Lentivirally-mediated stem cells to treat Duchenne muscular dystrophy

Lead Research Organisation: University College London
Department Name: Institute of Child Health

Abstract

Duchenne muscular dystrophy (DMD) is an X-linked condition in which muscle fibres degenerate due to the lack of the protein dystrophin. Stem cells, called satellite cells, within skeletal muscle do repair and regenerate lost fibres, but as the new fibres remain dystrophin-deficient, they continually break down, eventually leading to loss of muscle fibres and replacement by fat and connective tissue. If we want to use stem cells to treat DMD, these would have to be a type of stem cell that can be delivered via the blood system, as DMD affects all the muscles of the body. We propose to use stem cells derived from the patient themselves, so that they would not promote immunonological rejection. We aim to engineer these stem cells so that they have a heritable copy of the dystrophin gene. But the whole dystrophin gene is too large to fit into any viral vector. We will therefore engineer the dystrophin gene to be small enough to fit into a lentiviral vector, but large enough to contain as much as possible of the gene, to make it as functional as possible. Combining the best stem cell to regenerate skeletal muscle with the optimal dystrophin gene will pave the way for clinical trials to treat DMD.

Technical Summary

Genetic correction of autologous stem cells is a potential therapy for Duchenne muscular dystrophy (DMD). However, key questions need to be resolved before this approach could be realistically used in DMD. These include the determination of the best stem cell and a safe lentivirus containing a dystrophin gene that is small enough to fit into the vector, yet large enough to code for a functional protein.
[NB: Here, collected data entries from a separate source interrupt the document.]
lemma card_forest_parts_term:
  assumes W: "finite W" "0 \<notin> W" "equinumerous_fibers W"
    and R: "finite R" "0 \<notin> R" "equinumerous_fibers R"
  shows "card (forest_on W) *
      (card {H \<in> forest_on R. record_sizes R H + {#Suc (card W)#} = M} * card (insert 0 R))
    = parts_count (Suc (card W + card R)) M (card W)"
proof -
  obtain hW where "bij_betw hW (parking_functions (card W)) (forest_on W)"
    using bij_from_equinumerous_fibers[OF W] by blast
  then have e1: "card (forest_on W) = card (parking_functions (card W))"
    by (simp add: bij_betw_same_card)
  obtain hR where hR: "bij_betw hR (parking_functions (card R)) (forest_on R)"
    "\<forall>s\<in>parking_functions (card R). record_sizes R (hR s) = increments s"
    using bij_from_equinumerous_fibers[OF R] by blast
  have e2: "card {H \<in> forest_on R. record_sizes R H + {#Suc (card W)#} = M}
      = card {t \<in> parking_functions (card R). increments t + {#Suc (card W)#} = M}"
    using card_filter_bij_betw[where h = hR and g = "record_sizes R" and f = increments
        and Q = "\<lambda>X. X + {#Suc (card W)#} = M", OF hR] by simp
  have e3: "card (insert 0 R) = Suc (card R)" using R by simp
  show ?thesis unfolding e1 e2 e3 parts_count_def by (simp add: algebra_simps)
qed
(* Let $\mathcal{A}$ be a strong $T_0$-family and let $\|x\|_{2,\mathcal{A}}=\|x\|_2+\|x\|_\mathcal{A}$ for $x\in\ell_2(\omega_1)$. Then the space $(\ell_2(\omega_1),\|\cdot\|_{2,\mathcal{A}})$ does not contain any uncountable equilateral set.
   Context: $\|\cdot\|_2$ is the Hilbert norm of $\ell_2(\omega_1)$ and $\|x\|_\mathcal{A}=\sup_{A\in\mathcal{A}}\sqrt{\sum_{\alpha\in A}x(\alpha)^2}$; $\|\cdot\|_{2,\mathcal{A}}$ is an equivalent norm on $\ell_2(\omega_1)$. A set $\mathcal{Y}$ is equilateral if there is $\delta>0$ with $\|y-y'\|=\delta$ for all distinct $y,y'\in\mathcal{Y}$. For disjoint $A,B$, $A\otimes B=\{\{\alpha,\beta\}:\alpha\in A,\beta\in B\}$. A function $c=(c_0,c_1):[\omega_1]^2\to I\times J$ ($0,1\in I$, $J\ne\emptyset$) is a $T$-coloring if for every uncountable pairwise disjoint family $\{\{a_\xi(0),a_\xi(1)\}:\xi<\omega_1\}$ of pairs and all $(i_0,j_0),(i_1,j_1)\in I\times J$ there are $\xi<\eta$ with $c(\{a_\xi(0),a_\eta(0)\})=(i_0,j_0)$, $c(\{a_\xi(1),a_\eta(1)\})=(i_1,j_1)$; it is a strong $T$-coloring if moreover for every uncountable pairwise disjoint family $\{A_\xi:\xi<\omega_1\}$ of finite subsets of $\omega_1$ there are $\xi<\eta$ with $c_0[A_\xi\otimes A_\eta]=\{0\}$ and $\xi<\eta$ with $c_0[A_\xi\otimes A_\eta]=\{1\}$. A strong $T_0$-family is $\mathcal{A}_c=\{a\subseteq\omega_1\text{ finite}:c_0[[a]^2]\subseteq\{0\}\}$ for a strong $T$-coloring $c$. *)

theory Defs
  imports "HOL-Analysis.Analysis"
begin

text \<open>The index type 'a plays the role of omega_1: an uncountable well-order all of
whose proper initial segments are countable.\<close>
definition omega1_like :: "'a::wellorder itself \<Rightarrow> bool" where
  "omega1_like _ \<longleftrightarrow> \<not> countable (UNIV :: 'a set) \<and> (\<forall>\<alpha>::'a. countable {\<beta>. \<beta> < \<alpha>})"

definition pairs2 :: "'a set \<Rightarrow> 'a set set" where
  "pairs2 S = {p. p \<subseteq> S \<and> card p = 2}"

definition otimes :: "'a set \<Rightarrow> 'a set \<Rightarrow> 'a set set" where
  "otimes A B = {{\<alpha>, \<beta>} | \<alpha> \<beta>. \<alpha> \<in> A \<and> \<beta> \<in> B}"

definition T_coloring ::
  "('a::wellorder set \<Rightarrow> 'i::zero_neq_one \<times> 'j) \<Rightarrow> 'i set \<Rightarrow> 'j set \<Rightarrow> bool" where
  "T_coloring c I J \<longleftrightarrow>
     0 \<in> I \<and> 1 \<in> I \<and> J \<noteq> {} \<and>
     (\<forall>p \<in> pairs2 (UNIV :: 'a set). c p \<in> I \<times> J) \<and>
     (\<forall>a0 a1 :: 'a \<Rightarrow> 'a.
        (\<forall>\<xi>. a0 \<xi> \<noteq> a1 \<xi>) \<and>
        (\<forall>\<xi> \<eta>. \<xi> \<noteq> \<eta> \<longrightarrow> {a0 \<xi>, a1 \<xi>} \<inter> {a0 \<eta>, a1 \<eta>} = {}) \<longrightarrow>
        (\<forall>i0 \<in> I. \<forall>j0 \<in> J. \<forall>i1 \<in> I. \<forall>j1 \<in> J.
           \<exists>\<xi> \<eta>. \<xi> < \<eta> \<and> c {a0 \<xi>, a0 \<eta>} = (i0, j0) \<and> c {a1 \<xi>, a1 \<eta>} = (i1, j1)))"

definition strong_T_coloring ::
  "('a::wellorder set \<Rightarrow> 'i::zero_neq_one \<times> 'j) \<Rightarrow> 'i set \<Rightarrow> 'j set \<Rightarrow> bool" where
  "strong_T_coloring c I J \<longleftrightarrow>
     T_coloring c I J \<and>
     (\<forall>A :: 'a \<Rightarrow> 'a set.
        (\<forall>\<xi>. finite (A \<xi>) \<and> A \<xi> \<noteq> {}) \<and>
        (\<forall>\<xi> \<eta>. \<xi> \<noteq> \<eta> \<longrightarrow> A \<xi> \<inter> A \<eta> = {}) \<longrightarrow>
        (\<exists>\<xi> \<eta>. \<xi> < \<eta> \<and> (fst \<circ> c) ` otimes (A \<xi>) (A \<eta>) = {0}) \<and>
        (\<exists>\<xi> \<eta>. \<xi> < \<eta> \<and> (fst \<circ> c) ` otimes (A \<xi>) (A \<eta>) = {1}))"

definition T0_family :: "('a set \<Rightarrow> 'i::zero_neq_one \<times> 'j) \<Rightarrow> 'a set set" where
  "T0_family c = {a. finite a \<and> (fst \<circ> c) ` pairs2 a \<subseteq> {0}}"

definition l2 :: "('a \<Rightarrow> real) set" where
  "l2 = {x. (\<lambda>\<alpha>. (x \<alpha>)\<^sup>2) summable_on UNIV}"

definition norm2 :: "('a \<Rightarrow> real) \<Rightarrow> real" where
  "norm2 x = sqrt (infsum (\<lambda>\<alpha>. (x \<alpha>)\<^sup>2) UNIV)"

definition normA :: "'a set set \<Rightarrow> ('a \<Rightarrow> real) \<Rightarrow> real" where
  "normA \<A> x = (SUP A\<in>\<A>. sqrt (\<Sum>\<alpha>\<in>A. (x \<alpha>)\<^sup>2))"

definition norm2A :: "'a set set \<Rightarrow> ('a \<Rightarrow> real) \<Rightarrow> real" where
  "norm2A \<A> x = norm2 x + normA \<A> x"

definition equilateral :: "(('a \<Rightarrow> real) \<Rightarrow> real) \<Rightarrow> ('a \<Rightarrow> real) set \<Rightarrow> bool" where
  "equilateral N Y \<longleftrightarrow> (\<exists>\<delta>>0. \<forall>y\<in>Y. \<forall>y'\<in>Y. y \<noteq> y' \<longrightarrow> N (y - y') = \<delta>)"

end

theory Submission
  imports Defs
begin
We aim to design a safe lentiviral vector, coding for an effective dystrophin gene (opti-dystrophin). In parallel, we will compare the ability of induced pluripotent stem cells (iPS) and adult stem cells (AC133+ cells), firstly of mouse origin and then of human origin, to efficiently regenerate skeletal muscle and functionally reconstitute the satellite cell (muscle stem cell) pool following intra-arterial injection in an immunodeficient mouse model of DMD. We will then combine the optimised lentivirus with the most favourable stem cell of DMD origin and test this in our in vivo model. Solving these preclinical questions will allow us to plan for future clinical trials for DMD.